The full programs, all three Pulumi.<cloud>.yaml files, and the shared cloud-init.yaml are in the companion repo:

GitHub repository: dirien/fully-automated-ai-inference-pulumi
github.com/dirien/fully-automated-ai-inference-pulumi

Deploying

Create a project, install the provider for your cloud, point the stack at pulumi-idp/auth, and deploy. For AWS:

mkdir ai-inference && cd ai-inference
pulumi new typescript
npm install @pulumi/aws

Drop the AWS listing into index.ts, copy the cloud-init.yaml shown earlier into the same directory (or grab it from the companion repo), point the stack at the auth environment, and set your region:

pulumi stack init aws
# add `environment: [pulumi-idp/auth]` to Pulumi.aws.yaml (shown above)
pulumi config set region us-east-1
pulumi config set model qwen2.5:14b
pulumi up

The other two clouds are the same flow with a different provider package and a couple of config keys: npm install @pulumi/gcp with pulumi config set project <your-project-id> and pulumi config set zone us-central1-a, or npm install @pulumi/azure-native @pulumi/random with pulumi config set location eastus.

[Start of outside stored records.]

text \<open>The middle vertices of \<open>x \<rightarrow> y \<rightarrow> z\<close> correspond to the first factors of \<open>z x\<^sup>-\<^sup>1\<close>. A product of two
  disjoint transpositions has two such factorisations; a 3-cycle has three, but the ascent
  conditions they impose on \<open>x\<^sup>-\<^sup>1\<close> cannot hold simultaneously.\<close>
lemma bruhat_diamond_at_most_two_midpoints:
  assumes e: "bruhat_edge n x y1" "bruhat_edge n y1 z" "bruhat_edge n x y2" "bruhat_edge n y2 z"
     "bruhat_edge n x y3" "bruhat_edge n y3 z"
  shows "y1 = y2 \<or> y1 = y3 \<or> y2 = y3"
proof (rule ccontr)
  assume "\<not> ?thesis"
  then have ne: "label x y1 \<noteq> label x y2" "label x y1 \<noteq> label x y3" "label x y2 \<noteq> label x y3"
    using bruhat_edge_eq_label_comp[OF e(1)] bruhat_edge_eq_label_comp[OF e(3)]
      bruhat_edge_eq_label_comp[OF e(5)] by metis+
  obtain a b c d where abcd: "a \<noteq> b" "c \<noteq> d" "label x y1 = transpose a b"
    "transpose c d \<noteq> transpose a b" "transpose c d \<circ> transpose a b = z \<circ> inv x"
    using e(1,2) by (rule bruhat_two_stepE)
  show False
  proof (cases "{a, b} \<inter> {c, d} = {}")
    case True
    then have dist: "distinct [a, b, c, d]" using abcd by auto
    have "label x y = transpose a b \<or> label x y = transpose c d"
      if "bruhat_edge n x y" "bruhat_edge n y z" for y
      using bruhat_two_step_disjoint[OF that dist] abcd(5) by simp
    from this[OF e(1,2)] this[OF e(3,4)] this[OF e(5,6)] show False using ne by auto
  next
    case False
    obtain a' b' c' where abc: "distinct [a', b', c']"
      "transpose a b = transpose a' b'" "transpose c d = transpose b' c'"
      using overlapping_transposes_normal_form[OF abcd(1,2) abcd(4)[symmetric] False] .
    then have \<pi>: "z \<circ> inv x = transpose b' c' \<circ> transpose a' b'" using abcd(5) by simp
    let ?P = "inv x"
    define V1 where "V1 \<longleftrightarrow> (a' < b' \<longleftrightarrow> ?P a' < ?P b') \<and> (b' < c' \<longleftrightarrow> ?P a' < ?P c')"
    define V2 where "V2 \<longleftrightarrow> (b' < c' \<longleftrightarrow> ?P b' < ?P c') \<and> (a' < c' \<longleftrightarrow> ?P a' < ?P b')"
    define V3 where "V3 \<longleftrightarrow> (a' < c' \<longleftrightarrow> ?P a' < ?P c') \<and> (a' < b' \<longleftrightarrow> ?P c' < ?P b')"
    have "(label x y = transpose a' b' \<and> V1) \<or> (label x y = transpose b' c' \<and> V2) \<or>
        (label x y = transpose a' c' \<and> V3)"
      if "bruhat_edge n x y" "bruhat_edge n y z" for y
      unfolding V1_def V2_def V3_def by (rule bruhat_two_step_three_cycle[OF that abc(1) \<pi>])
    from this[OF e(1,2)] this[OF e(3,4)] this[OF e(5,6)] have "V1 \<and> V2 \<and> V3" using ne by auto
    moreover have "?P a' \<noteq> ?P b'" "?P b' \<noteq> ?P c'" "?P a' \<noteq> ?P c'"
      using abc(1) permutes_inj[OF permutes_inv[OF bruhat_edge_permutes(1)[OF e(1)]]]
      by (auto dest: injD)
    ultimately show False unfolding V1_def V2_def V3_def by linarith
  qed
qed

section \<open>Flips preserve the label relation\<close>

lemma swap_rel_two_factorizations:
  assumes ab: "a \<noteq> b" and cd: "c \<noteq> d" and ne: "transpose c d \<noteq> transpose a b"
    and "a' \<noteq> b'" "c' \<noteq> d'" "transpose c' d' \<noteq> transpose a' b'"
    and eq: "transpose c' d' \<circ> transpose a' b' = transpose c d \<circ> transpose a b"
  shows "swap_rel (transpose a' b') \<union> swap_rel (transpose c' d') \<subseteq>
    (swap_rel (transpose a b) \<union> swap_rel (transpose c d))\<^sup>*"
proof (cases "{a, b} \<inter> {c, d} = {}")
  case True
  then have "distinct [a, b, c, d]" using ab cd by auto
  from transpose_factorizations_disjoint[OF this assms(4-7)] show ?thesis by auto
next
  case False
  obtain x y z where xyz: "distinct [x, y, z]" "transpose a b = transpose x y" "transpose c d = transpose y z"
    using overlapping_transposes_normal_form[OF ab cd ne[symmetric] False] .
  then have ne: "x \<noteq> y" "y \<noteq> z" "x \<noteq> z" by auto
  let ?R = "swap_rel (transpose a b) \<union> swap_rel (transpose c d)"
  have R: "?R = {(x, y), (y, x), (y, z), (z, y)}"
    unfolding xyz(2,3) swap_rel_transpose[OF ne(1)] swap_rel_transpose[OF ne(2)] by auto
  have "(x, y) \<in> ?R\<^sup>*" "(y, x) \<in> ?R\<^sup>*" "(y, z) \<in> ?R\<^sup>*" "(z, y) \<in> ?R\<^sup>*"
    unfolding R by auto
  then have "(x, z) \<in> ?R\<^sup>*" "(z, x) \<in> ?R\<^sup>*" by (meson rtrancl_trans)+
  then have "{x, y, z} \<times> {x, y, z} \<subseteq> ?R\<^sup>*"
    using \<open>(x, y) \<in> ?R\<^sup>*\<close> \<open>(y, x) \<in> ?R\<^sup>*\<close> \<open>(y, z) \<in> ?R\<^sup>*\<close> \<open>(z, y) \<in> ?R\<^sup>*\<close> by auto
  moreover have "transpose c' d' \<circ> transpose a' b' = transpose y z \<circ> transpose x y" using eq xyz by simp
  from transpose_factorizations_three_cycle[OF xyz(1) assms(4-6) this]
  have "swap_rel (transpose a' b') \<union> swap_rel (transpose c' d') \<subseteq> {x, y, z} \<times> {x, y, z}"
  proof (elim disjE conjE)
    assume "transpose a' b' = transpose x y" "transpose c' d' = transpose y z"
    then show ?thesis using ne by (simp add: swap_rel_transpose)
  next
    assume "transpose a' b' = transpose y z" "transpose c' d' = transpose x z"
    then show ?thesis using ne by (simp add: swap_rel_transpose)
  next
    assume "transpose a' b' = transpose x z" "transpose c' d' = transpose x y"
    then show ?thesis using ne by (simp add: swap_rel_transpose)
  qed
  ultimately show ?thesis by blast
qed

lemma bruhat_diamond_swap_rel:
  assumes "bruhat_edge n x y" "bruhat_edge n y z" "bruhat_edge n x y'" "bruhat_edge n y' z"
  shows "swap_rel (label x y') \<union> swap_rel (label y' z) \<subseteq> (swap_rel (label x y) \<union> swap_rel (label y z))\<^sup>*"
proof -
  obtain a b c d where abcd: "a \<noteq> b" "c \<noteq> d" "label x y = transpose a b" "label y z = transpose c d"
    "transpose c d \<noteq> transpose a b" "transpose c d \<circ> transpose a b = z \<circ> inv x"
    using assms(1,2) by (rule bruhat_two_stepE)
  obtain a' b' c' d' where abcd': "a' \<noteq> b'" "c' \<noteq> d'" "label x y' = transpose a' b'"
    "label y' z = transpose c' d'" "transpose c' d' \<noteq> transpose a' b'"
    "transpose c' d' \<circ> transpose a' b' = z \<circ> inv x"
    using assms(3,4) by (rule bruhat_two_stepE)
  show ?thesis
    unfolding abcd(3,4) abcd'(3,4)
    by (rule swap_rel_two_factorizations[OF abcd(1,2,5) abcd'(1,2,5)]) (simp add: abcd(6) abcd'(6))
qed

lemma rtrancl_Un_cong:
  assumes "A' \<subseteq> A\<^sup>*" "A \<subseteq> A'\<^sup>*"
  shows "(A \<union> R)\<^sup>* = (A' \<union> R)\<^sup>*"
proof
  show "(A' \<union> R)\<^sup>* \<subseteq> (A \<union> R)\<^sup>*"
    using assms(1) rtrancl_mono[of A "A \<union> R"] by (intro rtrancl_subset_rtrancl) auto
  show "(A \<union> R)\<^sup>* \<subseteq> (A' \<union> R)\<^sup>*"
    using assms(2) rtrancl_mono[of A' "A' \<union> R"] by (intro rtrancl_subset_rtrancl) auto
qed

definition label_rel :: "(nat \<Rightarrow> nat) list \<Rightarrow> (nat \<times> nat) set" where
  "label_rel r = (\<Union>k \<in> {k. Suc k < length r}. swap_rel (label (r ! k) (r ! Suc k)))"

lemma label_rel_split:
  assumes "0 < i" "Suc i < length r"
  shows "label_rel r = swap_rel (label (r ! (i - 1)) (r ! i)) \<union> swap_rel (label (r ! i) (r ! Suc i)) \<union>
    (\<Union>k \<in> {k. Suc k < length r} - {i - 1, i}. swap_rel (label (r ! k) (r ! Suc k)))"
proof -
  have "{k. Suc k < length r} = {i - 1, i} \<union> ({k. Suc k < length r} - {i - 1, i})"
    using assms by auto
  then have "label_rel r = (\<Union>k \<in> {i - 1, i}. swap_rel (label (r ! k) (r ! Suc k))) \<union>
      (\<Union>k \<in> {k. Suc k < length r} - {i - 1, i}. swap_rel (label (r ! k) (r ! Suc k)))"
    unfolding label_rel_def by (metis UN_Un)
  then show ?thesis using assms by simp
qed

lemma paths_update_midpoint:
  assumes r: "r \<in> paths n h u v" and i: "0 < i" "i < h"
    and e: "bruhat_edge n (r ! (i - 1)) y" "bruhat_edge n y (r ! Suc i)"
  shows "r[i := y] \<in> paths n h u v"
proof -
  have len: "length r = Suc h" and "\<forall>k<h. bruhat_edge n (r ! k) (r ! Suc k)"
    using r by (auto simp: paths_def)
  then have "bruhat_edge n (r[i := y] ! k) (r[i := y] ! Suc k)" if "k < h" for k
    using that i e by (cases "k = i - 1"; cases "k = i") auto
  then show ?thesis using r i len by (simp add: paths_def)
qed

lemma label_rel_update_midpoint:
  assumes r: "r \<in> paths n h u v" and i: "0 < i" "i < h"
    and e: "bruhat_edge n (r ! (i - 1)) y" "bruhat_edge n y (r ! Suc i)"
  shows "(label_rel (r[i := y]))\<^sup>* = (label_rel r)\<^sup>*"
proof -
  let ?r' = "r[i := y]"
  have len: "length r = Suc h" and edges: "\<And>k. k < h \<Longrightarrow> bruhat_edge n (r ! k) (r ! Suc k)"
    using r by (auto simp: paths_def)
  obtain j where j: "i = Suc j" using i(1) gr0_implies_Suc by blast
  have e': "bruhat_edge n (r ! (i - 1)) (r ! i)" "bruhat_edge n (r ! i) (r ! Suc i)"
    using edges[of j] edges[of i] i unfolding j by simp_all
  let ?A = "swap_rel (label (r ! (i - 1)) (r ! i)) \<union> swap_rel (label (r ! i) (r ! Suc i))"
  let ?A' = "swap_rel (label (r ! (i - 1)) y) \<union> swap_rel (label y (r ! Suc i))"
  let ?R = "\<Union>k \<in> {k. Suc k < length r} - {i - 1, i}. swap_rel (label (r ! k) (r ! Suc k))"
  have split: "label_rel r = ?A \<union> ?R" using label_rel_split[of i r] i len by simp
  have split': "label_rel ?r' = ?A' \<union> ?R"
  proof -
    have "?r' ! k = r ! k" "?r' ! Suc k = r ! Suc k" if "k \<notin> {i - 1, i}" for k
      using that i by auto
    then show ?thesis using label_rel_split[of i ?r'] i len by simp
  qed
  have "?A' \<subseteq> ?A\<^sup>*" "?A \<subseteq> ?A'\<^sup>*"
    using bruhat_diamond_swap_rel[OF e' e] bruhat_diamond_swap_rel[OF e e'] by simp_all
  then show ?thesis unfolding split split' by (simp add: rtrancl_Un_cong)
qed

The slow part is the GPU box: it boots, installs the driver, reboots, installs Ollama, and pulls the model, all without you. Depending on the instance, the region, and the model size, plan on roughly 10 to 15 minutes before the endpoint answers. When pulumi up finishes you get the endpoints straight back as stack outputs:

Outputs:
 generateEndpoint: "http://<public-ip>:11434/api/generate"
 ollamaEndpoint : "http://<public-ip>:11434"
 publicIp : "<public-ip>"
 tagsEndpoint : "http://<public-ip>:11434/api/tags"

Testing the inference server

pulumi up returns as soon as the infrastructure exists, which is before the model has finished downloading. This is exactly where Terraform reached for that null_resource loop, and where Pulumi hands you a URL instead. To check whether the model is ready, ask Ollama what it has loaded:

curl -s $(pulumi stack output tagsEndpoint) | grep -q "qwen2.5:14b" && echo "ready" || echo "still pulling"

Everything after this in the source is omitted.